And by that I mean: Who used a power tool on that poor lady's nostrils?
Watch this commercial twice. Notice the way its makers ever so gently (sneakily?) introduce the concept of pro-miscegenation by not outright showing the Chinese/African couple right away, they wait until the 7th second to splash an utterly unlikely and dissonant image on the screen. A chinese man with a black American woman? Seriously?
Does this kind of thing really sell insurance?
The evil civilization wreckers behind this advert know that confusion and dystopia go hand-in-hand. They realize that bewildering the tiny minds of the sheeple with too-strong images of statistically anomalous pairings will cause outrage of the kind that met the introduction of the Cheerios "heart healthy" commercial that was broadcast at every intermission of the Zimmerman trial.
That is no doubt why they intentionally made the baby look more black than chinese-african. That way, the people who saw this ad would question their own interpretation of it. As in:
"Maybe the chinese guy is just the step-father of this very african-american looking baby? Right?"
Just imagine how a commercial like this airing in mainland China would be received; imagine a commercial like this airing in 1950s - hell not even, 1970s - America.
The New York Times: Even Though This Post Has Nothing To Do With Them, It's Still Their Fault, Since 1957.
Post Note: Okay, everybody caught that, right? The sneakiness goes up another level (on third viewing): turns out that chinese-african couple are not a couple at all. The chinese guy is an insurance salesman. But I had to watch the advert three times before that was apparent.
4 comments:
Yer right: the couple in the State Farm commercial are not actually a "couple" : the Asian guy is a rival insurance agent selling the negro woman wit child insurance.
But of course the commercial is so vague and so weird, that most viewers after one viewing will come to the immediate conclusion that the negro women is in fact with the chinaman and in the cardinal sense of the word.
This commercial and you are right to point it out, is waaaay wicker than the cheerios :Heart Healthy" commercial that triggered so much outrage and rightly so.

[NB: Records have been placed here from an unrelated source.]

theorem mainTheorem3:
  fixes N :: nat and \<rho> f g :: real and \<nu> :: complex
  assumes "N \<ge> 2" and "0 \<le> \<rho>" and "\<rho> < 1" and "f < 0" and "g < 0" and "Re \<nu> = 0"
  shows "\<not> eigenvalue (Mmat N \<rho> (complex_of_real f) (complex_of_real g)) \<nu>
    \<and> (\<forall>(z :: real \<Rightarrow> complex vec) (t0 :: real).
         (\<forall>t\<ge>t0. dim_vec (z t) = 2*N \<and>
            (\<forall>i<2*N. ((\<lambda>s. z s $ i) has_vector_derivative
               ((Mmat N \<rho> (complex_of_real f) (complex_of_real g) *\<^sub>v z t
                 + exp (\<nu> * complex_of_real t) \<cdot>\<^sub>v g0vec N \<rho> (complex_of_real f) (complex_of_real g) \<nu>) $ i))
               (at t within {t0..})))
       \<longrightarrow> (\<forall>i<2*N. ((\<lambda>t. z t $ i - exp (\<nu> * complex_of_real t) * avec N \<rho> (complex_of_real f) (complex_of_real g) \<nu> $ i)
                        \<longlongrightarrow> 0) at_top)
         \<and> (\<forall>k\<in>{1..N}. ((\<lambda>t. z t $ (2*k-2) - exp (\<nu> * complex_of_real t) * avec N \<rho> (complex_of_real f) (complex_of_real g) \<nu> $ (2*k-2))
                        \<longlongrightarrow> 0) at_top))"
proof -
  define M where "M = Mmat N \<rho> (complex_of_real f) (complex_of_real g)"
  define a where "a = avec N \<rho> (complex_of_real f) (complex_of_real g) \<nu>"
  define g0 where "g0 = g0vec N \<rho> (complex_of_real f) (complex_of_real g) \<nu>"
  have M: "M \<in> carrier_mat (2*N) (2*N)" unfolding M_def by (rule Mmat_carrier)
  have hurwitz: "\<And>e. eigenvalue M e \<Longrightarrow> Re e < 0"
    using Mmat_hurwitz[OF assms(1-5)] unfolding M_def by blast
  then have not_eig: "\<not> eigenvalue M \<nu>" using assms(6) by force
  have g0: "g0 \<in> carrier_vec (2*N)" unfolding g0_def g0vec_def by simp
  have a: "a \<in> carrier_vec (2*N)" and amplitude: "(M - \<nu> \<cdot>\<^sub>m 1\<^sub>m (2*N)) *\<^sub>v a = - g0"
    using resolvent_amplitude[OF M not_eig g0]
    unfolding a_def avec_def M_def g0_def by simp_all
  have decay: "((\<lambda>t. z t $ i - exp (\<nu> * complex_of_real t) * a $ i) \<longlongrightarrow> 0) at_top"
    if sol: "\<forall>t\<ge>t0. dim_vec (z t) = 2*N \<and> (\<forall>i<2*N. ((\<lambda>s. z s $ i) has_vector_derivative
      ((M *\<^sub>v z t + exp (\<nu> * complex_of_real t) \<cdot>\<^sub>v g0) $ i)) (at t within {t0..}))"
      and i: "i < 2*N" for z t0 i
  proof -
    let ?w = "\<lambda>t. z t - exp (\<nu> * complex_of_real t) \<cdot>\<^sub>v a"
    have "((\<lambda>t. ?w t $ i) \<longlongrightarrow> 0) at_top"
    proof (rule hurwitz_decay[OF M hurwitz, of t0])
      fix t j assume "t \<ge> t0" "j < 2*N"
      then show "((\<lambda>s. ?w s $ j) has_vector_derivative (M *\<^sub>v ?w t) $ j) (at t within {t0..})"
        using sol by (intro periodic_response_error[OF M a amplitude]) auto
    qed (use sol a i in auto)
    then show ?thesis using a i by simp
  qed
  have "2*k-2 < 2*N" if "k \<in> {1..N}" for k using that by auto
  with not_eig decay show ?thesis unfolding M_def[symmetric] a_def[symmetric] g0_def[symmetric] by blast
qed

end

Black/white (or other mixtures) or often hinted at. eg in a workplace setting, in a commercial a white woman will be shown sitting next to a black man. Nominally, they aren't a couple but its all about the subliminal message, part of your mind 'sees' a mixed couple. Or it does if you havent woken up to their bullshit.
A lot of the propaganda isnt in the foreground. Its the mixed couples in the background. Or that classic - a scene in a supermarket with a black middle class, two parent family walking by behind the main action. See - black men dont abandon their kids you racist!
I thought the Asian man was an insurance salesman the first time I saw the commercial, do I really did not see a point for this discussion.